Open ArianaBFulvi opened 5 days ago
Hi, the pipeline fails at the clustering of the three assemblies because our custom clustering module is not installed, see this part of the error:
File "/home/miniconda3/envs/viper/bin/viper_cluster.py", line 21, in
from viper_clustering import viper_utilities as vu
ModuleNotFoundError: No module named 'viper_clustering'
This should be fixed if you run the following commands:
cd path/where/you/cloned/ViPER/repo
conda activate viper
pip install .
pip install .
should install the viper_clustering
module in python of the viper conda environment. Let me know if this works!
PS: If you don't want to rerun the assembly step, you can (after installing the clustering module) use the "$sample"_"$minlength"-unclustered.contigs.fasta
in the CONTIGS
folder and run:
viper_cluster.py -i "$sample"_"$minlength"-unclustered.contigs.fasta -o "$sample"_"$minlength" -t 48 --min-identity 95 --min-coverage 85
viper-classify.sh -1 R1.fastq.gz -2 R2.fastq.gz -u unpaired.fastq.gz -d /path/to/diamond/db ...
Hello! thank you for answering. I followed the steps (re-installing everything, running all the pipeline again, running only the step that is failing) and I keep having the same error.
File "/home/miniconda3/envs/viper/bin/viper_cluster.py", line 21, in from viper_clustering import viper_utilities as vu ModuleNotFoundError: No module named 'viper_clustering'
The viper_cluster module is actually present in the corresponding location. Any help would be highly appreciated.
Something is still going wrong with the pip install
command, can you share the output of running following commands?
conda activate viper
pip install /path/where/you/cloned/viper/repo
Hello!
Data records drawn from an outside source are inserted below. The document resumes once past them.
lemma L_set_top_block_le_sigma_dist:
  fixes X :: "real mat"
  assumes r: "1 \<le> r" "r \<le> n" and XL: "X \<in> L_set n r c"
    and small: "frob_norm (X - rect_id n r) \<le> 1/25" "c^2 * frob_norm (X - rect_id n r) \<le> 1/10"
  shows "frob_norm (top_block r X - 1\<^sub>m r) \<le> 2.1 * sqrt (real r) * sigma_dist X"
proof -
  define e where "e = frob_norm (top_block r X - 1\<^sub>m r)"
  define f where "f = frob_norm (X - rect_id n r)"
  define D where "D = frob_norm (transpose_mat X * X - 1\<^sub>m r)"
  from XL have X: "X \<in> carrier_mat n r" and nonneg: "entrywise_nonneg (top_block r X)"
    and cone: "f \<le> c * e"
    by (auto simp: L_set_def e_def f_def)
  have "e \<le> f"
    using frob_norm_top_block_le[of r "X - rect_id n r"] X r
    by (simp add: e_def f_def top_block_minus_rect_id)
  moreover have "0 \<le> e"
    by (simp add: e_def frob_norm_nonneg)
  ultimately have "13/10 * e \<le> D" "D \<le> 1/10"
    using perturbation_bounds cone small frob_norm_gram_deviation_bounds[OF X r(2) nonneg]
    unfolding e_def f_def D_def by blast+
  have "transpose_mat X * X \<in> carrier_mat r r" "transpose_mat (transpose_mat X * X) = transpose_mat X * X"
    using X by (auto simp: transpose_mult[of _ r n])
  then obtain mus where split: "char_poly (transpose_mat X * X) = (\<Prod>\<mu>\<leftarrow>mus. [:-\<mu>, 1:])"
    and deviation: "(\<Sum>\<mu>\<leftarrow>mus. (\<mu> - 1)^2) = D^2"
    by (metis symmetric_mat_char_poly_splits symmetric_mat_eigenvalue_deviation_eq_frob_norm D_def)
  define s where "s = (\<Sum>\<mu>\<leftarrow>mus. (sqrt \<mu> - 1)^2)"
  have "D^2 \<le> 1/100"
    using power_mono[OF \<open>D \<le> 1/10\<close>, of 2] by (simp add: D_def frob_norm_nonneg power_divide)
  then have "D^2 \<le> 421/100 * s"
    using sum_list_square_diff_one_le_sqrt[of mus] deviation by (simp add: s_def)
  then show ?thesis
    using le_sqrt_of_deviation_bounds \<open>0 \<le> e\<close> \<open>13/10 * e \<le> D\<close> r(1)
    unfolding e_def s_def sigma_dist_eq_eigenvalues[OF split] by blast
qed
I found a solution for the problem. In the repository cloning step, the file viper_utilities wasn't being copied correctly, so I copy-pasted the content manually from the repository file to mine. Also, I usually run bioinformatic tools from other directory (where I keep my results), not the one where all the information is, so I did
export PYTHONPATH="/path/where/I/cloned/viper/repo"
And it worked perfectly.
Now that I am analysing the results (I used the Diamond/Krona step to identify viruses in my sample) I saw that in the KRONA results directory, the HTML file contains each species identified and their abundances, and the .krona file has the samples and taxID's assigned to each.
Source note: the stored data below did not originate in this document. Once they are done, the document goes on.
lemma AE_cond_dist_z_given_w:
  fixes Px :: "((real^'i) \<times> 'w::euclidean_space) measure"
  assumes "prob_space Px" "sets Px = sets borel" "cond_dist_z_given_w Px Kz"
    and "AE x in Px. P x"
  shows "AE w in distr Px borel snd. AE z in Kz w. P (z, w)"
proof -
  have sets_Kz: "sets (Kz w) = sets borel" for w
    using assms(3) by (rule sets_cond_dist_z_given_w)
  \<comment> \<open>\<open>P\<close> need not be measurable, so pass to a measurable null set outside of which it holds\<close>
  obtain N0 where N0: "{x \<in> space Px. \<not> P x} \<subseteq> N0" "emeasure Px N0 = 0" "N0 \<in> sets Px"
    using assms(4) by (rule AE_E)
  then have [measurable]: "N0 \<in> sets borel"
    using assms(2) by simp
  have "AE x in Px. x \<notin> N0"
    using N0 by (intro AE_not_in) auto
  then have "AE x in distr Px borel snd \<bind> (\<lambda>w. distr (Kz w) borel (\<lambda>z. (z, w))). x \<notin> N0"
    by (subst (asm) cond_dist_z_given_w_eq_bind[OF assms(1-3)])
  then have "AE w in distr Px borel snd. AE y in distr (Kz w) borel (\<lambda>z. (z, w)). y \<notin> N0"
    using measurable_cond_dist_z_given_w_pair[OF assms(3)]
    by (subst (asm) AE_bind) (auto simp: measurable_cong_sets[OF sets_distr refl])
  moreover have "(\<lambda>z. (z, w)) \<in> Kz w \<rightarrow>\<^sub>M borel" for w
    by (simp add: measurable_cong_sets[OF sets_Kz refl] borel_prod[symmetric])
  ultimately have "AE w in distr Px borel snd. AE z in Kz w. (z, w) \<notin> N0"
    by (auto elim!: AE_mp intro!: AE_I2 simp: AE_distr_iff)
  then show ?thesis
  proof (rule eventually_mono)
    fix w assume "AE z in Kz w. (z, w) \<notin> N0"
    then show "AE z in Kz w. P (z, w)"
      by (rule eventually_mono) (use N0(1) sets_eq_imp_space_eq[OF assms(2)] in auto)
  qed
qed

section \<open>Identification of the distribution of play\<close>

lemma index_v_eq_diff: "index_v \<beta> x e = (\<chi> i. \<beta> i (snd x) * fst x $ i) - e"
  by (simp add: index_v_def vec_eq_iff)

lemma bounded_measurable_version:
  fixes g :: "'x \<Rightarrow> 'e \<Rightarrow> real"
    and f :: "'w::second_countable_topology \<Rightarrow> 'v::second_countable_topology \<Rightarrow> real"
  assumes "\<And>x e. \<bar>g x e\<bar> \<le> B" "(\<lambda>(w, v). f w v) \<in> borel_measurable borel"
    and "AE x in M. AE e in N x. g x e = f (p x) (q x e)"
  obtains c where "\<And>w. c w \<in> borel_measurable borel" "\<And>w v. \<bar>c w v\<bar> \<le> B"
    and "AE x in M. AE e in N x. g x e = c (p x) (q x e)"
proof
  \<comment> \<open>truncation at the bound of \<open>g\<close> does not change \<open>f\<close> where it agrees with \<open>g\<close>\<close>
  let ?c = "\<lambda>w v. max (- B) (min B (f w v))"
  show "?c w \<in> borel_measurable borel" for w
    using borel_measurable_section[OF assms(2), of w] by measurable
  show "\<bar>?c w v\<bar> \<le> B" for w v
    using order_trans[OF abs_ge_zero assms(1)] by (auto simp: abs_le_iff)
  have "g x e = ?c w v" if "g x e = f w v" for x e w v
    using that assms(1)[of x e] by (auto simp: abs_le_iff)
  then show "AE x in M. AE e in N x. g x e = ?c (p x) (q x e)"
    using assms(3) by (auto elim!: eventually_mono)
qed
text \<open>The player's choice \<open>St n h U\<close> does not enter: the new factor only depends on \<open>U\<close>.\<close>
lemma sum_potential_append_le:
  assumes "wf_history n r s h" "r \<le> s" "k < m" "2 * r \<le> n"
  shows "(\<Sum>U\<in>r_sets n r. potential n (Suc k) (h @ [(U, St n h U)]))
       \<le> real (card (r_sets n r)) * (potential n (Suc k) h + step_factor m r s * potential n k h)"
proof -
  let ?R = "r_sets n r"
  let ?E = "\<lambda>J. \<Union>l\<in>J. step_edge h l"
  have bound: "(\<Sum>U\<in>?R. trace_weight n U (?E J)) \<le> step_factor m r s * real (card ?R)"
    if "J \<in> index_sets (length h) k" for J
  proof -
    have J: "J \<subseteq> {..<length h}" "card J = k" "finite J"
      using that unfolding index_sets_def by (auto intro: finite_subset)
    have "card (?E J) \<le> (\<Sum>l\<in>J. card (step_edge h l))"
      using J by (intro card_UN_le) simp
    also have "\<dots> \<le> k * s"
      using sum_mono[of J "\<lambda>l. card (step_edge h l)" "\<lambda>_. s"] card_step_edge_le[OF assms(1) _ assms(2)] J
      by auto
    also have "\<dots> \<le> m * s"
      using assms(3) by simp
    finally have "card (?E J) \<le> m * s" .
    moreover have "finite (?E J)"
      using finite_step_edge[OF assms(1)] J by auto
    ultimately show ?thesis
      using sum_trace_weight_le[OF _ _ assms(4)] by (simp add: step_factor_def card_r_sets)
  qed
  have "(\<Sum>U\<in>?R. potential n (Suc k) (h @ [(U, St n h U)]))
      = real (card ?R) * potential n (Suc k) h
        + (\<Sum>J\<in>index_sets (length h) k. index_weight n h J * (\<Sum>U\<in>?R. trace_weight n U (?E J)))"
    by (simp add: potential_append sum.distrib sum_distrib_left sum.swap[of _ ?R])
  also have "\<dots> \<le> real (card ?R) * potential n (Suc k) h
        + (\<Sum>J\<in>index_sets (length h) k. index_weight n h J * (step_factor m r s * real (card ?R)))"
    by (intro add_left_mono sum_mono mult_left_mono bound index_weight_nonneg)
  also have "\<dots> = real (card ?R) * (potential n (Suc k) h + step_factor m r s * potential n k h)"
    unfolding potential_def by (simp add: algebra_simps sum_distrib_left sum_distrib_right)
  finally show ?thesis .
qed
lemma psd2_omg:
  assumes S: "S \<in> sets borel"
  shows "psd2 (w1 S) (w2 S) (w3 S)"
proof (rule psd2_if_quadratic_form_nonneg[OF w1_nonneg w2_nonneg])
  fix u :: real
  have "0 \<le> u\<^sup>2 * w1 S + 1 * w2 S + (2 * u) * w3 S"
    unfolding omg_lincomb[OF S, symmetric]
    by (rule omg_nonneg)
      (use psd in \<open>auto elim!: eventually_mono dest: psd2_quadratic_form_nonneg[of _ _ _ u 1]
        simp: algebra_simps\<close>)
  then show "0 \<le> w1 S * u\<^sup>2 + 2 * w3 S * u + w2 S" by (simp add: algebra_simps)
qed

lemma detO_nonneg: "S \<in> sets borel \<Longrightarrow> 0 \<le> detO S"
  using psd2_omg unfolding detOmega_def psd2_def by simp

lemma w1_pos_if_detO_pos:
  assumes "0 < detO S"
  shows "0 < w1 S"
proof (rule ccontr)
  assume "\<not> 0 < w1 S"
  then have "w1 S = 0" using w1_nonneg[of S] by simp
  then show False using assms by (simp add: detOmega_def)
qed

lemma detO_le_w1_mult_w2_UNIV:
  assumes "S \<in> sets borel"
  shows "detO S \<le> w1 S * w2 UNIV"
proof -
  have "w1 S * w2 S \<le> w1 S * w2 UNIV"
    using omg_mono[OF integrable(2) g2_nonneg, of S UNIV] assms w1_nonneg[of S]
    by (simp add: mult_left_mono)
  then show ?thesis unfolding detOmega_def using zero_le_power2[of "w3 S"] by linarith
qed

lemma detO_Un:
  assumes "S \<in> sets borel" "T \<in> sets borel" "S \<inter> T = {}"
  shows "detO (S \<union> T) = detO S + detO T + (w1 S * w2 T + w2 S * w1 T - 2 * w3 S * w3 T)"
  using omg_Un[OF integrable(1) assms] omg_Un[OF integrable(2) assms] omg_Un[OF integrable(3) assms]
  by (simp add: detOmega_def algebra_simps power2_eq_square)

lemma sqrt_detO_Un_ge:
  assumes "S \<in> sets borel" "T \<in> sets borel" "S \<inter> T = {}"
  shows "sqrt (detO S) + sqrt (detO T) \<le> sqrt (detO (S \<union> T))"
proof (rule real_le_rsqrt)
  have "2 * sqrt (detO S * detO T) \<le> w1 S * w2 T + w2 S * w1 T - 2 * w3 S * w3 T"
    unfolding detOmega_def by (rule psd2_mixed_term_ge) (use psd2_omg assms in auto)
  then show "(sqrt (detO S) + sqrt (detO T))\<^sup>2 \<le> detO (S \<union> T)"
    using detO_Un[OF assms] detO_nonneg[OF assms(1)] detO_nonneg[OF assms(2)]
    by (simp add: power2_eq_square algebra_simps real_sqrt_mult)
qed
My question is: Is there a way to obtain the number of reads assigned to each species identified? I need this value for my analysis. As always, thank you for your help.
Great that you found a solution, it seems that your system used a different python installation over the conda installed one.
To answer your second question:
You can combine the $sample.krona
and $sample.magnitudes
file with awk
awk 'NR==FNR { a[$1]=$2; next} $1 in a {print $0,"\t"a[$1]}' CONTIGS/$sample.magnitudes KRONA/$sample.krona > $sample.magnitudes.tab
This will give a tab separated file with the contig name as first column, the taxid as second, average log e-value as third and the number of mapped reads as the last column:
NODE_A2_length_632_cov_15.832432_AMV1 6072 -21.8560540343745 271
NODE_B1_length_20247_cov_955.712295_AMV1 1312874 -450 5842283
You can convert the taxid to a scientific name with a tool like taxonkit.
Thank you so much for the prompt response and the help provided!
Hello, I keep having this error when I try to run the pipeline:
As you can see, the file needed for the Diamond+Krona step (sample_length.contigs.fasta) is not being generated. Any help would be appreciated. Thank you.